Support character classes in glob authz rules

classic Classic list List threaded Threaded
13 messages Options
Reply | Threaded
Open this post in threaded view
|

Support character classes in glob authz rules

Branko Čibej
TL;DR:

https://issues.apache.org/jira/browse/SVN-4204
https://issues.apache.org/jira/browse/SVN-4795


The longer story:

Even though apr_fnmatch(), which we use for matching glob patterns in
authz rules, supports character classes ([A-Z] etc.), we can't use them
in the glob rules because of the way the config parser works. For
example, the following rule:

[:glob:/**/*.[Dd]oc]
* = rw


will be silently parsed to ":glob:/**/*.[Dd" and will match neither
'x.doc' nor 'x.Doc' but will match 'x.[Dd', which the user almost
certainly does not want. The reason for this is that our config parser,
which we still use for the syntactical part of parsing the authz files,
strictly follows the semantics of Python's ConfigParser and treats the
first ']' it finds as the section terminator, ignoring any remaining
characters to the end of the line.

The proposed patch changes this behaviour as follows:

  * the /last/ ']' in the line is the section terminator;
  * only whitespace is allowed after the terminator to the end of the line.

The proposed change in the parser is only enabled for parsing authz and
global group files, other Subversion configuration files will use the
current semantics.

Comments?
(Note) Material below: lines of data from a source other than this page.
lemma prod_row_probs_tendsto_exp:
  fixes M :: "nat \<Rightarrow> 'w measure" and Y :: "nat \<Rightarrow> nat \<Rightarrow> 'w \<Rightarrow> nat \<Rightarrow> real"
  assumes gaussian: "\<And>N. gaussian_matrix (M N) N (Y N)"
    and k: "0 < k" and b: "\<And>j. j < k \<Longrightarrow> b j > 0"
    and r_pos: "eventually (\<lambda>N. r N > 0) sequentially" and r: "r \<longlonglongrightarrow> 0"
    and R: "(\<lambda>N. real N * r N ^ k) \<longlonglongrightarrow> R"
  shows "(\<lambda>N. \<Prod>i<N. 1 - measure (M N)
            {\<omega>\<in>space (M N). (\<Sum>j<k. (b j * Y N i \<omega> j)\<^sup>2) < (r N)\<^sup>2})
           \<longlonglongrightarrow> exp (- ((\<Prod>j<k. normal_density 0 (b j) 0) * unit_ball_vol k * R))"
proof (rule tendsto_prod_one_minus_exp)
  define lo where "lo N = (\<Prod>j<k. normal_density 0 (b j) (r N)) * (unit_ball_vol k * r N ^ k)" for N
  define hi where "hi N = (\<Prod>j<k. normal_density 0 (b j) 0) * (unit_ball_vol k * r N ^ k)" for N
  show "eventually (\<lambda>N. 0 \<le> lo N \<and> (\<forall>i<N.
      lo N \<le> measure (M N) {\<omega>\<in>space (M N). (\<Sum>j<k. (b j * Y N i \<omega> j)\<^sup>2) < (r N)\<^sup>2} \<and>
      measure (M N) {\<omega>\<in>space (M N). (\<Sum>j<k. (b j * Y N i \<omega> j)\<^sup>2) < (r N)\<^sup>2} \<le> hi N)) sequentially"
    using r_pos eventually_ge_at_top[of k]
  proof eventually_elim
    case (elim N)
    then show ?case
      using gaussian_matrix.prob_row_sum_sq_less_bounds[OF gaussian k _ _ b]
      unfolding lo_def hi_def by (auto intro!: mult_nonneg_nonneg prod_nonneg)
  qed
  have "(\<lambda>N. \<Prod>j<k. normal_density 0 (b j) (r N)) \<longlonglongrightarrow> (\<Prod>j<k. normal_density 0 (b j) 0)"
    unfolding normal_density_def by (intro tendsto_intros r) (use b in force)
  from tendsto_mult[OF tendsto_mult[OF this tendsto_const[of "unit_ball_vol k"]] R]
  show "(\<lambda>N. real N * lo N) \<longlonglongrightarrow> (\<Prod>j<k. normal_density 0 (b j) 0) * unit_ball_vol k * R"
    by (simp add: lo_def ac_simps)
  from tendsto_mult[OF tendsto_const[of "(\<Prod>j<k. normal_density 0 (b j) 0) * unit_ball_vol k"] R]
  show "(\<lambda>N. real N * hi N) \<longlonglongrightarrow> (\<Prod>j<k. normal_density 0 (b j) 0) * unit_ball_vol k * R"
    by (simp add: hi_def ac_simps)
qed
Suggestions?

-- Brane

[[[
Change the authz file parser to allow character classes in glob rules.

* subversion/include/private/svn_config_private.h
  (svn_config__parse_stream): Add new parameter 'strict_sections'
   and update the docstring to describe what it does.
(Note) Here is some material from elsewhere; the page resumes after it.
(* Let $\mathcal D$ be the derivation of $C^\infty(\mathfrak M,\mathbb R)$ given by $\mathcal D[F](g,J)=\frac{d}{dt}\big|_{t=0}F(g,J+t\mathbf 1_n)$, where $\mathbf 1_n$ is the $n\times n$ identity matrix, and for a bracket $\{\ ,\ \}$ define the Lie derivative bracket $\{F,H\}^{\mathcal D}=\mathcal D[\{F,H\}]-\{\mathcal D[F],H\}-\{F,\mathcal D[H]\}$. Then $\{F,H\}_1=\{F,H\}_2^{\mathcal D}$ for all $F,H\in C^\infty(\mathfrak M,\mathbb R)$. Consequently the Poisson brackets $\{\ ,\ \}_1$ and $\{\ ,\ \}_2$ are compatible, i.e. every real linear combination of them is again a Poisson bracket.
   Context: $G=\mathrm{GL}(n,\mathbb C)$ is regarded as a real Lie group with Lie algebra $\mathcal G=\mathfrak{gl}(n,\mathbb C)$ regarded as a real Lie algebra, equipped with the bilinear form $\langle X,Y\rangle=\Re\operatorname{tr}(XY)$. Every $X\in\mathcal G$ decomposes uniquely as $X=X_>+X_0+X_<$ (strictly upper triangular, diagonal, strictly lower triangular parts). Set $r(X)=\frac12(X_>-X_<)$, $r_\pm=r\pm\frac12\mathrm{id}$. Let $\mathfrak M=G\times\mathcal G=\{(g,J)\}$. For $F\in C^\infty(\mathfrak M,\mathbb R)$ define $\mathcal G$-valued derivatives by $\langle\nabla_1F(g,J),X\rangle=\frac{d}{dt}\big|_{t=0}F(e^{tX}g,J)$, $\langle\nabla_1'F(g,J),X\rangle=\frac{d}{dt}\big|_{t=0}F(ge^{tX},J)$, $\langle d_2F(g,J),X\rangle=\frac{d}{dt}\big|_{t=0}F(g,J+tX)$ for all $X\in\mathcal G$, and $\nabla_2F=J\,d_2F$, $\nabla_2'F=(d_2F)\,J$. The Poisson brackets are $\{F,H\}_1=\langle \nabla_1F,d_2H\rangle-\langle\nabla_1H,d_2F\rangle+\langle J,[d_2F,d_2H]\rangle$ and $\{F,H\}_2=\langle r\nabla_1F,\nabla_1H\rangle-\langle r\nabla_1'F,\nabla_1'H\rangle+\langle \nabla_2F-\nabla_2'F, r_+\nabla_2'H-r_-\nabla_2H\rangle+\langle\nabla_1F, r_+\nabla_2'H-r_-\nabla_2H\rangle-\langle\nabla_1H, r_+\nabla_2'F-r_-\nabla_2F\rangle$ (derivatives at $(g,J)$). *)

theory Defs
  imports "HOL-Analysis.Analysis"
begin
* subversion/include/private/svn_string_private.h
  (svn_stringbuf__strip_trailing_whitespace): New.

* subversion/libsvn_repos/authz_parse.c
  (svn_authz__parse): Invoke the new behaviour of svn_config__parse_stream.

* subversion/libsvn_subr/config.c
  (svn_config_parse): Use the old behaviour of svn_config__parse_stream.
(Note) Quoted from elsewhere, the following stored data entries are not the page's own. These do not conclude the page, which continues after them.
definition Binf :: "nat \<Rightarrow> (nat \<Rightarrow> nat \<Rightarrow> int) set" where
  "Binf n = {b. (\<forall>s t. (s, t) \<notin> idx n \<longrightarrow> b s t = 0)
              \<and> (\<forall>s t. (s, t) \<in> idx n \<longrightarrow> 0 \<le> b s t)
              \<and> (\<forall>k. 1 \<le> k \<and> k \<le> n \<longrightarrow> (\<forall>j. 1 \<le> j \<and> j < k \<longrightarrow> b (j + 1) (k - j) \<le> b j (k + 1 - j)))}"

definition unitv :: "nat \<Rightarrow> nat \<Rightarrow> nat \<Rightarrow> nat \<Rightarrow> nat \<Rightarrow> int" where
  "unitv n s t = (\<lambda>x y. if (s, t) \<in> idx n \<and> x = s \<and> y = t then 1 else 0)"

text \<open>Entry with the convention b_{s,t} = 0 outside the index set (indices are integers here
  so that s-1 = 0 is handled correctly).\<close>
definition ent :: "nat \<Rightarrow> (nat \<Rightarrow> nat \<Rightarrow> int) \<Rightarrow> int \<Rightarrow> int \<Rightarrow> int" where
  "ent n b s t = (if s \<ge> 1 \<and> t \<ge> 1 \<and> (nat s, nat t) \<in> idx n then b (nat s) (nat t) else 0)"

definition dstar :: "nat \<Rightarrow> (nat \<Rightarrow> nat \<Rightarrow> int) \<Rightarrow> int \<Rightarrow> int \<Rightarrow> int" where
  "dstar n b s t = ent n b (s - 1) t - ent n b (s - 1) (t + 1) - ent n b s (t - 1) + ent n b s t"

definition Sigstar :: "nat \<Rightarrow> nat \<Rightarrow> (nat \<Rightarrow> nat \<Rightarrow> int) \<Rightarrow> nat \<Rightarrow> int" where
  "Sigstar n i b k = (\<Sum>t = 1..k. dstar n b (int t) (int i + 1 - int t))"

definition epsstar :: "nat \<Rightarrow> nat \<Rightarrow> (nat \<Rightarrow> nat \<Rightarrow> int) \<Rightarrow> int" where
  "epsstar n i b = Max (Sigstar n i b ` {1..i})"

definition mstar :: "nat \<Rightarrow> nat \<Rightarrow> (nat \<Rightarrow> nat \<Rightarrow> int) \<Rightarrow> nat" where
  "mstar n i b = Min {k \<in> {1..i}. Sigstar n i b k = epsstar n i b}"

definition Mstar :: "nat \<Rightarrow> nat \<Rightarrow> (nat \<Rightarrow> nat \<Rightarrow> int) \<Rightarrow> nat" where
  "Mstar n i b = Max {k \<in> {1..i}. Sigstar n i b k = epsstar n i b}"

definition shiftv :: "nat \<Rightarrow> nat \<Rightarrow> nat \<Rightarrow> nat \<Rightarrow> nat \<Rightarrow> int" where
  "shiftv n i k = (\<lambda>x y. \<Sum>t = 1..k. unitv n t (i + 1 - t) x y - unitv n (t - 1) (i + 1 - t) x y)"

definition fstar :: "nat \<Rightarrow> nat \<Rightarrow> (nat \<Rightarrow> nat \<Rightarrow> int) \<Rightarrow> (nat \<Rightarrow> nat \<Rightarrow> int)" where
  "fstar n i b = (\<lambda>x y. b x y + shiftv n i (mstar n i b) x y)"

text \<open>None represents the formal symbol 0.\<close>
definition estar :: "nat \<Rightarrow> nat \<Rightarrow> (nat \<Rightarrow> nat \<Rightarrow> int) \<Rightarrow> (nat \<Rightarrow> nat \<Rightarrow> int) option" where
  "estar n i b = (if epsstar n i b > 0
                  then Some (\<lambda>x y. b x y - shiftv n i (Mstar n i b) x y) else None)"

end

theory Submission
  imports Defs
begin

text \<open>The partial sums telescope: \<Sigma>*_k(b) = b_{k,i+1-k} - b_{k,i-k}. Hence adding the vector
  \<Sum>_{t=1}^m (e_{t,i+1-t} - e_{t-1,i+1-t}) raises \<Sigma>*_k by 2 for k < m, by 1 for k = m and not
  at all for k > m. If m is the smallest maximiser of \<Sigma>*(b), it thus becomes the largest
  maximiser after the shift, and the maximum grows by one; subtracting the vector at the largest
  maximiser m reverses this and makes m the smallest maximiser. Finally
  \<epsilon>*_i(b) \<ge> \<Sigma>*_i(b) = b_{i,1} \<ge> 0, so \<epsilon>*_i(f*_i b) > 0.\<close>

definition first_argmax :: "('a::linorder \<Rightarrow> 'b::linorder) \<Rightarrow> 'a set \<Rightarrow> 'a" where
  "first_argmax f A = Min {k \<in> A. f k = Max (f ` A)}"

definition last_argmax :: "('a::linorder \<Rightarrow> 'b::linorder) \<Rightarrow> 'a set \<Rightarrow> 'a" where
  "last_argmax f A = Max {k \<in> A. f k = Max (f ` A)}"

lemma argmax_set_nonempty:
  assumes "finite A" "A \<noteq> {}"
  shows "{k \<in> A. f k = Max (f ` A)} \<noteq> {}"
  using obtains_MAX[OF assms] by (metis (mono_tags, lifting) empty_iff mem_Collect_eq)

lemma le_Max_image: "finite A \<Longrightarrow> k \<in> A \<Longrightarrow> f k \<le> Max (f ` A)"
  by simp

lemma Max_image_eqI:
  assumes "finite A" "m \<in> A" "\<And>k. k \<in> A \<Longrightarrow> f k \<le> f m"
  shows "Max (f ` A) = f m"
  by (rule Max_eqI) (use assms in auto)

lemma
  assumes "finite A" "A \<noteq> {}"
  shows first_argmax_in: "first_argmax f A \<in> A"
    and first_argmax_max: "f (first_argmax f A) = Max (f ` A)"
    and less_first_argmax: "k \<in> A \<Longrightarrow> k < first_argmax f A \<Longrightarrow> f k < Max (f ` A)"
proof -
  let ?S = "{k \<in> A. f k = Max (f ` A)}"
  have S: "finite ?S" "?S \<noteq> {}"
    using assms argmax_set_nonempty by auto
  show "first_argmax f A \<in> A" "f (first_argmax f A) = Max (f ` A)"
    using Min_in[OF S] unfolding first_argmax_def by auto
  assume "k \<in> A" "k < first_argmax f A"
  then show "f k < Max (f ` A)"
    using Min_le[OF S(1), of k] le_Max_image[OF assms(1)] unfolding first_argmax_def
    by (metis (mono_tags, lifting) leD mem_Collect_eq order.not_eq_order_implies_strict)
qed

lemma
  assumes "finite A" "A \<noteq> {}"
  shows last_argmax_in: "last_argmax f A \<in> A"
    and last_argmax_max: "f (last_argmax f A) = Max (f ` A)"
    and greater_last_argmax: "k \<in> A \<Longrightarrow> last_argmax f A < k \<Longrightarrow> f k < Max (f ` A)"
proof -
  let ?S = "{k \<in> A. f k = Max (f ` A)}"
  have S: "finite ?S" "?S \<noteq> {}"
    using assms argmax_set_nonempty by auto
  show "last_argmax f A \<in> A" "f (last_argmax f A) = Max (f ` A)"
    using Max_in[OF S] unfolding last_argmax_def by auto
  assume "k \<in> A" "last_argmax f A < k"
  then show "f k < Max (f ` A)"
    using Max_ge[OF S(1), of k] le_Max_image[OF assms(1)] unfolding last_argmax_def
    by (metis (mono_tags, lifting) leD mem_Collect_eq order.not_eq_order_implies_strict)
qed

lemma first_argmax_eqI:
  assumes "finite A" "m \<in> A" "f m = Max (f ` A)" "\<And>k. k \<in> A \<Longrightarrow> k < m \<Longrightarrow> f k < f m"
  shows "first_argmax f A = m"
  unfolding first_argmax_def
proof (rule Min_eqI)
  fix k assume "k \<in> {k \<in> A. f k = Max (f ` A)}"
  then show "m \<le> k" using assms(3) assms(4)[of k] by (metis (mono_tags) mem_Collect_eq not_le less_irrefl)
qed (use assms in auto)

lemma last_argmax_eqI:
  assumes "finite A" "m \<in> A" "f m = Max (f ` A)" "\<And>k. k \<in> A \<Longrightarrow> m < k \<Longrightarrow> f k < f m"
  shows "last_argmax f A = m"
  unfolding last_argmax_def
proof (rule Max_eqI)
  fix k assume "k \<in> {k \<in> A. f k = Max (f ` A)}"
  then show "k \<le> m" using assms(3) assms(4)[of k] by (metis (mono_tags) mem_Collect_eq not_le less_irrefl)
qed (use assms in auto)

definition shift_gain :: "'a::linorder \<Rightarrow> 'a \<Rightarrow> int" where
  "shift_gain m k = (if k \<le> m then 1 else 0) + (if k < m then 1 else 0)"

lemma add_shift_gain_first_argmax:
  fixes f g :: "'a::linorder \<Rightarrow> int"
  assumes A: "finite A" "A \<noteq> {}" and m: "m = first_argmax f A"
    and g: "\<And>k. k \<in> A \<Longrightarrow> g k = f k + shift_gain m k"
  shows "Max (g ` A) = Max (f ` A) + 1" and "last_argmax g A = m"
proof -
  have "m \<in> A" "f m = Max (f ` A)"
    using first_argmax_in[OF A] first_argmax_max[OF A] by (auto simp: m)
  then have gm: "g m = Max (f ` A) + 1"
    using g by (simp add: shift_gain_def)
  have after: "g k < g m" if "k \<in> A" "m < k" for k
    using that g le_Max_image[OF A(1), of k f] gm by (simp add: shift_gain_def)
  have before: "g k \<le> g m" if "k \<in> A" "k < m" for k
    using that g less_first_argmax[OF A, of k f] gm by (force simp: m shift_gain_def)
  have "g k \<le> g m" if "k \<in> A" for k
    using that after before by (cases k m rule: linorder_cases) (auto intro: less_imp_le)
  then have "Max (g ` A) = g m"
    using \<open>m \<in> A\<close> by (intro Max_image_eqI[OF A(1)])
  with gm show "Max (g ` A) = Max (f ` A) + 1" by simp
  show "last_argmax g A = m"
    using \<open>m \<in> A\<close> \<open>Max (g ` A) = g m\<close> after by (intro last_argmax_eqI[OF A(1)]) auto
qed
* subversion/libsvn_subr/config_file.c: Inclulde private/svn_string_private.h.
  (parse_context_t): New member 'strict_sections'.
  (parse_section_name): Select how sections are parsed depending on the
   value of the 'strict_sections' flag. Update docstring.
  (svn_config__parse_file): Use the old behaviour of svn_config__parse_stream.
  (svn_config__parse_stream): Update implementation; store the new
   'strict_sections' flag in the parser context.

* subversion/libsvn_subr/string.c
  (svn_stringbuf__strip_trailing_whitespace): Implement; extracted from ...
  (svn_stringbuf_strip_whitespace): ... here.

Fixes: SVN-4204, SVN-4795
]]]


authz-glob-character-class.patch.txt (12K) Download Attachment
Reply | Threaded
Open this post in threaded view
|

Re: Support character classes in glob authz rules

Julian Foad-5
Branko Čibej wrote:

> https://issues.apache.org/jira/browse/SVN-4204
> https://issues.apache.org/jira/browse/SVN-4795
>
> Even though apr_fnmatch(), which we use for matching glob patterns in
> authz rules, supports character classes ([A-Z] etc.), we can't use them
> in the glob rules because of the way the config parser works. For
> example, the following rule:
>
> [:glob:/**/*.[Dd]oc]
>
> will be silently parsed to ":glob:/**/*.[Dd" [because] our config parser
> strictly follows the semantics of Python's ConfigParser and treats the
> first ']' it finds as the section terminator, ignoring any remaining
> characters to the end of the line.
>
> The proposed patch changes this behaviour as follows:
>
>   * the /last/ ']' in the line is the section terminator;
>   * only whitespace is allowed after the terminator to the end of the line.

Glad to see a proposal.

It makes me uncomfortable to depart from standard parsing. What if users are relying on Python ConfigParser or other compatible parsing as part of their Subversion authz infrastructure?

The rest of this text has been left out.